С той поры и повелось — зашумит Людка, забранит меня за что-нибудь, а я сам себе говорю: это она меня, как ту берёзку, поливает. Значит, любит ещё, волнуется, жизнь мою бережёт…
Серёга умолк. Мы, не сговариваясь, подняли чарки. Выпили. Без тоста. Просто так. И мужики как-то вдруг засобирались. Мол, время позднее, пора и честь знать.
Я проводил их до перекрестка. Поймали такси. Ребята укатили.
А я побрёл в сторону дома, где меня никто не ждал.
Потерянный «Ураган»
Командира взвода разминирования старшего лейтенанта Колкова вызвали к комбату прямо из офицерской столовой. Случай — небывалый.
Армейская пословица гласит: «Война войной, а обед — по распорядку!» По традиции, отнимать одну из солдатских радостей — не принято. Их и так в Афгане немного: сон, баня и еда… И если уж Игнатенко выдернул Вадима из-за стола, не дав даже дохлебать первое блюдо — изрядно надоевший суп из сухой картошки с тушенкой, значит, случилось что-то из ряда вон выходящее.
У входа в командирскую палатку Колков привычным движением одернул «афганку», провёл пятерней по выгоревшим, давно не стриженным волосам и, придав своему лицу уставное выражение, откинул полог.
— Проходи, садись, — не дослушав рапорт, предложил Игнатенко. У майора был зверский вид. И только глаза, синие, не утратившие своего природного блеска, говорили, что недоброе впечатление о майоре — обманчиво.
Колков знал комбата уже больше года. И, если по казенным меркам каждый день, проведенный здесь, приравнивается к трем, можно смело считать: съел вместе с ним не один пуд соли.
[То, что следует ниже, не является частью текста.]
lemma perm_val_reachable:
  assumes k: "k \<ge> 1" and p: "xs \<in> permutations_of_set {0..<k}"
  shows "i \<le> k \<Longrightarrow> (guess_from k (perm_regs k xs i), perm_val xs i) \<in> succ_word (perm_ra k) {init_state (perm_ra k)} (map (Pair 0) [0..<i])"
proof (induction i)
  case 0
  note pf = permutation_facts[OF p]
  have "perm_regs k xs 0 = {}" by (simp add: perm_regs_def)
  moreover have "perm_val xs 0 = replicate k None" using pf(3) by (simp add: perm_val_def map_replicate_const)
  ultimately show ?case by (simp add: init_state_perm_ra guess_from_def)
next
  case (Suc i)
  note pf = permutation_facts[OF p]
  have ik: "i < k" using Suc.prems by simp
  have "i \<in> set xs" using pf(2) ik by simp
  then obtain r where r: "r < k" "xs!r = i" using pf(3) by (auto simp: in_set_conv_nth)
  have rS: "r \<notin> perm_regs k xs i" using r by (simp add: perm_regs_def)
  have iv: "i \<notin> stored (perm_val xs i)" using stored_perm_val by blast
  have st: "step (perm_ra k) (guess_from k (perm_regs k xs i), perm_val xs i) (0,i) (guess_loc (insert r (perm_regs k xs i)), (perm_val xs i)[r:=Some i])"
    using step_guess_from[OF k filled_perm_val[OF p] r(1) rS iv] .
  have uniq: "r' < k \<Longrightarrow> xs!r' = i \<longleftrightarrow> r' = r" for r'
    using pf r by (auto simp: nth_eq_iff_index_eq)
  have S': "perm_regs k xs (Suc i) = insert r (perm_regs k xs i)"
  proof (rule set_eqI)
    fix x show "x \<in> perm_regs k xs (Suc i) \<longleftrightarrow> x \<in> insert r (perm_regs k xs i)"
      using uniq[of x] r by (auto simp: perm_regs_def less_Suc_eq)
  qed
  have U': "perm_val xs (Suc i) = (perm_val xs i)[r:=Some i]"
  proof (rule nth_equalityI)
    show "length (perm_val xs (Suc i)) = length ((perm_val xs i)[r := Some i])" by (simp add: perm_val_def)
    fix j assume "j < length (perm_val xs (Suc i))"
    then have j: "j < k" using pf(3) by (simp add: perm_val_def)
    show "perm_val xs (Suc i) ! j = (perm_val xs i)[r := Some i] ! j"
    proof (cases "j = r")
      case True then show ?thesis using r pf(3) by (simp add: perm_val_def)
    next
      case False
      then have "xs!j \<noteq> i" using uniq j by blast
      then show ?thesis using False j pf(3) by (auto simp: perm_val_def nth_list_update)
    qed
  qed
  have "guess_from k (perm_regs k xs (Suc i)) = guess_loc (insert r (perm_regs k xs i))" using S' by (simp add: guess_from_def)
  then have "(guess_from k (perm_regs k xs (Suc i)), perm_val xs (Suc i)) \<in> succ (perm_ra k) (succ_word (perm_ra k) {init_state (perm_ra k)} (map (Pair 0) [0..<i])) (0,i)"
    using st Suc.IH Suc.prems U' unfolding succ_def by auto
  then show ?case by (simp add: succ_word_snoc)
qed

lemma perm_in_config:
  assumes k: "k \<ge> 1" and p: "xs \<in> permutations_of_set {0..<k}"
  shows "(guess_loc {..<k}, map Some xs) \<in> succ_word (perm_ra k) {init_state (perm_ra k)} (map (Pair 0) [0..<k])"
proof -
  note pf = permutation_facts[OF p]
  have "perm_regs k xs k = {..<k}" using pf by (auto simp: perm_regs_def)
  moreover have "perm_val xs k = map Some xs"
  proof -
    have "\<forall>v\<in>set xs. v < k" using pf by auto
    then show ?thesis by (auto simp: perm_val_def)
  qed
  moreover have "guess_from k {..<k} = guess_loc {..<k}" using k by (auto simp: guess_from_def lessThan_empty_iff)
  moreover have "(guess_from k (perm_regs k xs k), perm_val xs k) \<in> succ_word (perm_ra k) {init_state (perm_ra k)} (map (Pair 0) [0..<k])"
    using perm_val_reachable[OF k p, of k] by simp
  ultimately show ?thesis by (simp only:)
qed

lemma perm_config_card:
  assumes k: "k \<ge> 1"
  shows "ecard {q \<in> succ_word (perm_ra k) {init_state (perm_ra k)} (map (Pair 0) [0..<k]). fst q = guess_loc {..<k}} \<ge> enat (fact k)"
proof -
  let ?C = "{q \<in> succ_word (perm_ra k) {init_state (perm_ra k)} (map (Pair 0) [0..<k]). fst q = guess_loc {..<k}}"
  let ?f = "\<lambda>xs. (guess_loc {..<k}, map Some xs)"
  have sub: "?f ` permutations_of_set {0..<k} \<subseteq> ?C" using perm_in_config[OF k] by auto
  have inj: "inj_on ?f (permutations_of_set {0..<k})" by (auto simp: inj_on_def)
  have cp: "card (?f ` permutations_of_set {0..<k}) = fact k"
    using card_image[OF inj] by simp
  show ?thesis
  proof (cases "finite ?C")
    case True
    have "card (?f ` permutations_of_set {0..<k}) \<le> card ?C" using card_mono[OF True sub] .
    then show ?thesis using True cp by (simp add: ecard_def)
  next
    case False then show ?thesis by (simp add: ecard_def)
  qed
qed

lemma k_URA_perm_ra:
  assumes "k \<ge> 1"
  shows "k_URA k (perm_ra k)"
proof -
  have "unambiguous (perm_ra k)"
    by (rule unambiguousI[where I = "reach_inv k"])
      (use reach_inv_init reach_inv_step reach_inv_successor_unique assms in blast)+
  then show ?thesis unfolding k_URA_def k_RA_def using wf_perm_ra[OF assms] by simp
qed

lemma reachable_state_perm_ra_reach_inv:
  "k \<ge> 1 \<Longrightarrow> reachable_state (perm_ra k) q \<Longrightarrow> reach_inv k q"
  by (rule reachable_state_induct[where I = "reach_inv k"]) (use reach_inv_init reach_inv_step in blast)+

lemma clean_perm_ra:
  assumes "k \<ge> 1"
  shows "clean (perm_ra k)"
  unfolding clean_def
proof (intro allI impI)
  fix q assume "reachable_state (perm_ra k) q"
  then have inv: "reach_inv k q" using assms by (rule reachable_state_perm_ra_reach_inv[rotated])
  have "\<exists>w\<in>words (perm_ra k). accepts_from (perm_ra k) q w"
    using reach_inv_accepts_some[OF assms inv] by (auto simp: words_perm_ra)
  moreover have "snd q ! i \<noteq> snd q ! j" if "i < length (snd q)" "j < length (snd q)" "i \<noteq> j" "snd q ! i \<noteq> None"
    for i j
    using reach_inv_inj_val[OF inv] that unfolding inj_val_def by blast
  ultimately show "(\<exists>w\<in>words (perm_ra k). accepts_from (perm_ra k) q w) \<and>
      (\<forall>i<length (snd q). \<forall>j<length (snd q). \<forall>n.
        i \<noteq> j \<longrightarrow> snd q ! i = Some n \<longrightarrow> snd q ! j \<noteq> Some n)"
    by fastforce
qed

lemma universal_perm_ra: "k \<ge> 1 \<Longrightarrow> universal (perm_ra k)"
  using accepts_from_init by (auto simp: universal_def lang_def words_perm_ra)

theorem lemma2:
  fixes k :: nat
  assumes "k \<ge> 1"
  shows "(\<exists>(A :: (nat, nat) ra) C l.
            k_URA k A \<and> clean A \<and> universal A \<and> (\<exists>\<sigma>. alph A = {\<sigma>})
            \<and> reachable_config A C \<and> ecard {q \<in> C. fst q = l} \<ge> enat (fact k))
         \<and> N k \<ge> enat (fact k)"
proof -
  let ?C = "succ_word (perm_ra k) {init_state (perm_ra k)} (map (Pair 0) [0..<k])"
  have config: "reachable_config (perm_ra k) ?C"
    unfolding reachable_config_def by (auto simp: words_perm_ra zero_letters_def)
  have A: "k_URA k (perm_ra k)" "clean (perm_ra k)" "universal (perm_ra k)"
    using assms by (simp_all add: k_URA_perm_ra clean_perm_ra universal_perm_ra)
  have "ecard {q \<in> ?C. fst q = guess_loc {..<k}} \<ge> enat (fact k)"
    using perm_config_card[OF assms] .
  moreover have "ecard {q \<in> ?C. fst q = guess_loc {..<k}} \<le> N k"
    using ecard_le_N[OF A config] .
  ultimately show ?thesis
    using A config by (intro conjI exI[of _ "perm_ra k"] exI[of _ ?C]) (auto intro: order_trans)
qed

end
theorem theorem2:
  fixes M :: "'z measure" and m :: "'p::euclidean_space \<Rightarrow> 'z \<Rightarrow> real"
    and \<theta> :: 'p and f :: "'z \<Rightarrow> 'y" and ystar :: 'y and N :: nat
    and s :: "'z \<Rightarrow> 'p"
  defines "A \<equiv> {z \<in> space M. f z = ystar}"
  defines "p \<equiv> (\<lambda>t. \<integral>z. indicator A z * m t z \<partial>M)"
  defines "P \<equiv> PiM {..<N} (\<lambda>_. density M (\<lambda>z. ennreal (m \<theta> z)))"
  assumes N: "N \<ge> 1"
    and m_meas: "\<And>t. m t \<in> borel_measurable M"
    and m_pos: "\<And>t z. z \<in> space M \<Longrightarrow> 0 < m t z"
    and m_int: "\<And>t. integrable M (m t)"
    and m_norm: "\<And>t. (\<integral>z. m t z \<partial>M) = 1"
    and A_meas: "A \<in> sets M"
    and s_meas: "s \<in> borel_measurable M"
    and score: "\<And>z. z \<in> space M \<Longrightarrow> ((\<lambda>t. ln (m t z)) has_derivative (\<lambda>h. s z \<bullet> h)) (at \<theta>)"
    and interch_int: "integrable M (\<lambda>z. (indicator A z * m \<theta> z) *\<^sub>R s z)"
    and interch: "(p has_derivative (\<lambda>h. (\<integral>z. (indicator A z * m \<theta> z) *\<^sub>R s z \<partial>M) \<bullet> h)) (at \<theta>)"
    and p_pos: "p \<theta> > 0"
  shows "integrable P (ghat N f ystar s)
    \<and> ((\<lambda>t. J_trunc N (p t)) has_derivative (\<lambda>h. (\<integral>\<omega>. ghat N f ystar s \<omega> \<partial>P) \<bullet> h)) (at \<theta>)
    \<and> (\<exists>G. (\<forall>k\<in>{1..N}. ((\<lambda>t. pass_at k (p t)) has_derivative (\<lambda>h. G k \<bullet> h)) (at \<theta>))
           \<and> (\<integral>\<omega>. ghat N f ystar s \<omega> \<partial>P) = (\<Sum>k=1..N. (1 / real k) *\<^sub>R G k))"
proof -
  define g where "g = (\<integral>z. (indicator A z * m \<theta> z) *\<^sub>R s z \<partial>M)"
  define q where "q = (\<Sum>k<N. (1 - p \<theta>) ^ k)"
  have "has_bochner_integral P (ghat N f ystar s) (q *\<^sub>R g)"
    unfolding P_def q_def g_def p_def A_def
    using m_meas m_pos m_int m_norm A_meas s_meas interch_int p_pos
    by (intro has_bochner_integral_ghat_density) (auto simp: A_def p_def less_imp_le)
  then have integrable: "integrable P (ghat N f ystar s)"
    and expectation: "(\<integral>\<omega>. ghat N f ystar s \<omega> \<partial>P) = q *\<^sub>R g"
    by (simp_all add: has_bochner_integral_iff)
  have grad_p: "(p has_derivative (\<lambda>h. g \<bullet> h)) (at \<theta>)"
    using interch unfolding g_def .
  have J: "((\<lambda>t. J_trunc N (p t)) has_derivative (\<lambda>h. (q *\<^sub>R g) \<bullet> h)) (at \<theta>)"
    unfolding q_def by (rule has_derivative_real_compose_inner[OF grad_p has_real_derivative_J_trunc])
  define G where "G k = (real k * (1 - p \<theta>) ^ (k - 1)) *\<^sub>R g" for k
  have pass: "((\<lambda>t. pass_at k (p t)) has_derivative (\<lambda>h. G k \<bullet> h)) (at \<theta>)" for k
    unfolding G_def by (rule has_derivative_real_compose_inner[OF grad_p has_real_derivative_pass_at])
  have "(\<Sum>k=1..N. (1 / real k) *\<^sub>R G k) = q *\<^sub>R g"
    by (simp add: G_def q_def scaleR_sum_left sum.atLeast1_atMost_eq)
  then show ?thesis
    using integrable expectation J pass by (auto intro!: exI[of _ G])
qed

end
(* Let $g:[a,b]\to\mathbb R$ be a derivator and let $M=\{f\in\mathrm{AC}_g([a,b]): f'_g\in L^2_g([a,b])\}$. Then $M\subset\mathrm{UC}_g([a,b])$ and $M$ is dense in $\mathrm{UC}_g([a,b])$ with respect to the supremum norm.
   Context: $\mathbb F\in\{\mathbb R,\mathbb C\}$. A derivator is a nondecreasing, left-continuous $g:[a,b]\to\mathbb R$; $\mu_g$ is its Lebesgue–Stieltjes measure ($\mu_g([c,d))=g(d)-g(c)$). For $x\in[a,b)$, $\Delta g(x)=g(x^+)-g(x)$; $D_g=\{x\in[a,b):\Delta g(x)>0\}$; $C_g=\{x\in[a,b]:g$ is constant on $(x-\delta,x+\delta)\cap[a,b]$ for some $\delta>0\}$, an open set whose connected components are intervals $(a_n,b_n)$. The $g$-derivative of $f$ at $t$ is $f'_g(t)=\lim_{s\to t}\frac{f(s)-f(t)}{g(s)-g(t)}$ if $t\notin D_g\cup C_g$; $f'_g(t)=\lim_{s\to t^+}\frac{f(s)-f(t)}{g(s)-g(t)}$ if $t\in D_g$; $f'_g(t)=\lim_{s\to b_n^+}\frac{f(s)-f(b_n)}{g(s)-g(b_n)}$ if $t\in(a_n,b_n)\subset C_g$; whenever these limits exist. $\mathrm{AC}_g([a,b])$ is the set of $g$-absolutely continuous $F:[a,b]\to\mathbb F$: for every $\varepsilon>0$ there is $\delta>0$ such that for every finite family of pairwise disjoint open subintervals $(a_k,b_k)$ of $[a,b]$, $\sum_k(g(b_k)-g(a_k))<\delta$ implies $\sum_k|F(b_k)-F(a_k)|<\varepsilon$; equivalently, $F'_g$ exists $\mu_g$-a.e., is $\mu_g$-integrable, and $F(t)=F(a)+\int_{[a,t)}F'_g\,d\mu_g$ for all $t$. $L^2_g([a,b])$ is the Hilbert space of $\mu_g$-measurable $f$ with $\int_{[a,b)}|f|^2d\mu_g<\infty$. $\mathrm{UC}_g([a,b])$ is the Banach space (supremum norm) of uniformly $g$-continuous functions: for every $\varepsilon>0$ there is $\delta>0$ with $|g(x)-g(y)|<\delta\Rightarrow|f(x)-f(y)|<\varepsilon$. *)

theory Defs
  imports "HOL-Analysis.Analysis"
begin
(* For every conservative reaction network $(X,\mathscr{R})$ there exists an injective Lewis realization $x\mapsto\Gamma_x$, i.e. a Lewis realization in which distinct compounds $x\neq y$ are assigned non-isomorphic vertex-coloured multigraphs $\Gamma_x,\Gamma_y$.
   Context: A reaction network (RN) $(X,\mathscr{R})$ consists of a finite non-empty set $X$ of species and a finite non-empty set $\mathscr{R}$ of reactions. Each reaction $r$ is given by stoichiometric coefficients $s^-_{xr},s^+_{xr}\in\mathbb{N}_0$. The stoichiometric matrix $S\in\mathbb{Z}^{X\times\mathscr{R}}$ has entries $S_{xr}=s^+_{xr}-s^-_{xr}$. The paper assumes throughout that RNs are closed: every reaction $r$ has $x,y$ with $S_{xr}<0<S_{yr}$. The RN is conservative if there is $m\in\mathbb{R}^X$ with all entries positive and $m^\top S=0$. An sf-instance is a matrix $A\in\mathbb{N}_0^{\mathcal{A}\times X}$ ($\mathcal{A}$ a non-empty finite set) with every column nonzero and $AS=0$. An sf-realization is an sf-instance with $\operatorname{im}A^\top=\ker S^\top$. Given $\mathrm{val}:\mathcal{A}\to\mathbb{N}=\{1,2,\dots\}$, consider multigraphs (loops allowed) with vertex colouring $\alpha:V\to\mathcal{A}$. The degree $d(u)$ is the number of non-loop edge incidences at $u$ plus twice the number of loops at $u$. A Lewis instance assigns vertex-coloured multigraphs $\Gamma_x=(V_x,E_x,\alpha_x)$ to all $x\in X$ such that: - $d(u)=\mathrm{val}(\alpha_x(u))$ for all $u\in V_x$; - the matrix $A_{ax}=|\{u\in V_x:\alpha_x(u)=a\}|$ is an sf-instance. It is a Lewis realization if this $A$ is an sf-realization. *)

theory Defs
  imports Complex_Main "HOL-Library.Multiset"
begin

text \<open>A reaction network is given by finite non-empty carriers X (species) and R (reactions)
  and stoichiometric coefficients sm x r (= s^-_{xr}) and sp x r (= s^+_{xr}).\<close>

definition stoich :: "('x \<Rightarrow> 'r \<Rightarrow> nat) \<Rightarrow> ('x \<Rightarrow> 'r \<Rightarrow> nat) \<Rightarrow> 'x \<Rightarrow> 'r \<Rightarrow> int" where
  "stoich sm sp x r = int (sp x r) - int (sm x r)"

definition reaction_network :: "'x set \<Rightarrow> 'r set \<Rightarrow> bool" where
  "reaction_network X R \<longleftrightarrow> finite X \<and> X \<noteq> {} \<and> finite R \<and> R \<noteq> {}"
(* For every integer $N\ge4$, $$\frac{h_N'''(0)}{h_N(0)}-\frac{h_{N-1}'''(0)}{h_{N-1}(0)}-\frac32\left(\frac{h_N'(0)}{h_N(0)}\right)^2-\frac{21}{2}\left(\frac{h_{N-2}(0)}{h_{N-1}(0)}-\frac74\right)=0.$$
   Context: $h_N(z)={}_2F_1(-N+1,N;2N;1-z)=\sum_{r=1}^N H_N^{(r)}z^{r-1}$ with $H_N^{(r)}=\binom{N+r-2}{N-1}\binom{2N-1-r}{N-1}/\binom{3N-2}{N-1}$ (the ice-point boundary one-point generating function). *)

theory Defs
  imports "HOL-Computational_Algebra.Polynomial"
begin

text \<open>Coefficients H_N^(r) of the ice-point boundary one-point generating function.\<close>
definition Hcoef :: "nat \<Rightarrow> nat \<Rightarrow> real" where
  "Hcoef N r = real ((N + r - 2) choose (N - 1)) * real ((2*N - 1 - r) choose (N - 1))
               / real ((3*N - 2) choose (N - 1))"

definition hpoly :: "nat \<Rightarrow> real poly" where
  "hpoly N = (\<Sum>r = 1..N. monom (Hcoef N r) (r - 1))"

end

theory Submission
  imports Defs
begin

(* Every quantity in the identity is a ratio of coefficients of the polynomials h_M, i.e. a ratio
   of products of binomial coefficients, and these ratios collapse to rational functions:
     h_N'(0) / h_N(0) = N / 2,
     h_N'''(0) / h_N(0) = N (N+1) (N+2) (N-3) / (4 (2N-3)),
     h_M(0) / h_(M+1)(0) = 3 (3M-1) (3M+1) / (4 (2M-1) (2M+1)).
   The theorem is then an identity between rational functions of N. *)

lemma poly_higher_pderiv_0: "poly ((pderiv ^^ k) p) 0 = fact k * coeff p k"
  by (simp add: poly_0_coeff_0 coeff_higher_pderiv pochhammer_fact)

lemma coeff_hpoly:
  assumes "2 \<le> N" shows "coeff (hpoly N) k = Hcoef N (k + 1)"
proof -
  have "coeff (hpoly N) k = (\<Sum>r \<in> {1..N}. if r = k + 1 then Hcoef N r else 0)"
    unfolding hpoly_def coeff_sum coeff_monom by (intro sum.cong) auto
  also have "\<dots> = Hcoef N (k + 1)"
  proof (cases "k < N")
    case False
    then have "(2 * N - 1 - (k + 1)) choose (N - 1) = 0"
      using assms by (simp add: binomial_eq_0)
    with False show ?thesis by (simp add: Hcoef_def)
  qed simp
  finally show ?thesis .
qed

lemma hpoly_pderiv_ratio_0:
  assumes "2 \<le> N"
  shows "poly (pderiv (hpoly N)) 0 / poly (hpoly N) 0 = real N / 2"
proof -
  obtain n where N: "N = n + 2" using assms by (metis add.commute le_Suc_ex)
  show ?thesis
    unfolding poly_0_coeff_0 coeff_pderiv
    by (simp add: coeff_hpoly N Hcoef_def binomial_fact numeral_eq_Suc add_Suc_right
        del: binomial_Suc_Suc)
       (simp add: field_simps)
qed

lemma hpoly_pderiv3_ratio_0:
  assumes "3 \<le> N"
  shows "poly ((pderiv ^^ 3) (hpoly N)) 0 / poly (hpoly N) 0
         = real N * (real N + 1) * (real N + 2) * (real N - 3) / (4 * (2 * real N - 3))"
proof (cases "N = 3")
  case True
  \<comment> \<open>h_3 has degree 2, so both sides vanish\<close>
  then show ?thesis
    unfolding poly_higher_pderiv_0 unfolding poly_0_coeff_0 by (simp add: coeff_hpoly Hcoef_def)
next
  case False
  define n where "n = N - 4"
  have N: "N = n + 4" using assms False unfolding n_def by linarith
  show ?thesis
    unfolding poly_higher_pderiv_0 unfolding poly_0_coeff_0
    by (simp add: coeff_hpoly N Hcoef_def binomial_fact numeral_eq_Suc add_Suc_right
        del: binomial_Suc_Suc)
       (simp add: divide_simps, simp add: algebra_simps)
qed

lemma hpoly_0_ratio_Suc:
  assumes "2 \<le> M"
  shows "poly (hpoly M) 0 / poly (hpoly (Suc M)) 0
         = 3 * (3 * real M - 1) * (3 * real M + 1) / (4 * (2 * real M - 1) * (2 * real M + 1))"
proof -
  obtain m where M: "M = m + 2" using assms by (metis add.commute le_Suc_ex)
  show ?thesis
    unfolding poly_0_coeff_0
    by (simp add: coeff_hpoly M Hcoef_def binomial_fact numeral_eq_Suc add_Suc_right
        del: binomial_Suc_Suc)
       (simp add: divide_simps, simp add: algebra_simps)
qed

lemma hpoly_ratios_rational_identity:
  fixes x :: real
  assumes "2 * x \<noteq> 3" "2 * x \<noteq> 5"
  shows "x * (x + 1) * (x + 2) * (x - 3) / (4 * (2 * x - 3))
         - (x - 1) * (x - 1 + 1) * (x - 1 + 2) * (x - 1 - 3) / (4 * (2 * (x - 1) - 3))
         - 3/2 * (x / 2)^2
         - 21/2 * (3 * (3 * (x - 2) - 1) * (3 * (x - 2) + 1)
                   / (4 * (2 * (x - 2) - 1) * (2 * (x - 2) + 1)) - 7/4) = 0"
proof -
  have "2 * x - 3 \<noteq> 0" "2 * (x - 1) - 3 \<noteq> 0" "2 * (x - 2) - 1 \<noteq> 0" "2 * (x - 2) + 1 \<noteq> 0"
    using assms by auto
  then show ?thesis by (simp add: divide_simps) (simp add: algebra_simps power2_eq_square)
qed

theorem mainTheorem8:
  fixes N :: nat
  assumes "N \<ge> 4"
  shows "poly ((pderiv ^^ 3) (hpoly N)) 0 / poly (hpoly N) 0
         - poly ((pderiv ^^ 3) (hpoly (N - 1))) 0 / poly (hpoly (N - 1)) 0
         - 3/2 * (poly (pderiv (hpoly N)) 0 / poly (hpoly N) 0)^2
         - 21/2 * (poly (hpoly (N - 2)) 0 / poly (hpoly (N - 1)) 0 - 7/4) = 0"
proof -
  have N3: "3 \<le> N" "3 \<le> N - 1" and N2: "2 \<le> N" "2 \<le> N - 2"
    and shift: "Suc (N - 2) = N - 1"
    using assms by auto
  have cast: "real (N - 1) = real N - 1" "real (N - 2) = real N - 2"
    using assms by auto
  have "2 * real N \<noteq> 3" "2 * real N \<noteq> 5"
    using assms by linarith+
  then show ?thesis
    unfolding hpoly_pderiv3_ratio_0[OF N3(1)] hpoly_pderiv3_ratio_0[OF N3(2)]
      hpoly_pderiv_ratio_0[OF N2(1)] hpoly_0_ratio_Suc[OF N2(2), unfolded shift] cast
    by (rule hpoly_ratios_rational_identity)
qed

end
— Худые новости, взводный, — мрачно сказал Игнатенко. Он ткнул пальцем в карту района ответственности, распятую перед ним на столе двумя банками консервов и обрезком снарядной гильзы, заменявшим пепельницу:
— По дороге на Тулак два дня назад пропала реактивная установка «Ураган». В ней — двое наших: лейтенант Иванов и водитель… Здесь, а может, и вот здесь, — палец комбата передвинулся, по карте, — неизвестно. Пятнадцатый блокпост они прошли, на шестнадцатом не появились. По карте смотреть, километров двадцать будет. Потерянная машина — из артбригады армейского подчинения, выделена нам для поддержки… Экспериментальный образец! Артиллеристы «чесали» дорогу и окрестности сами — боялись докладывать наверх: за такую пропажу голову снимут!
— Выходит, не нашли… — заметил Колков.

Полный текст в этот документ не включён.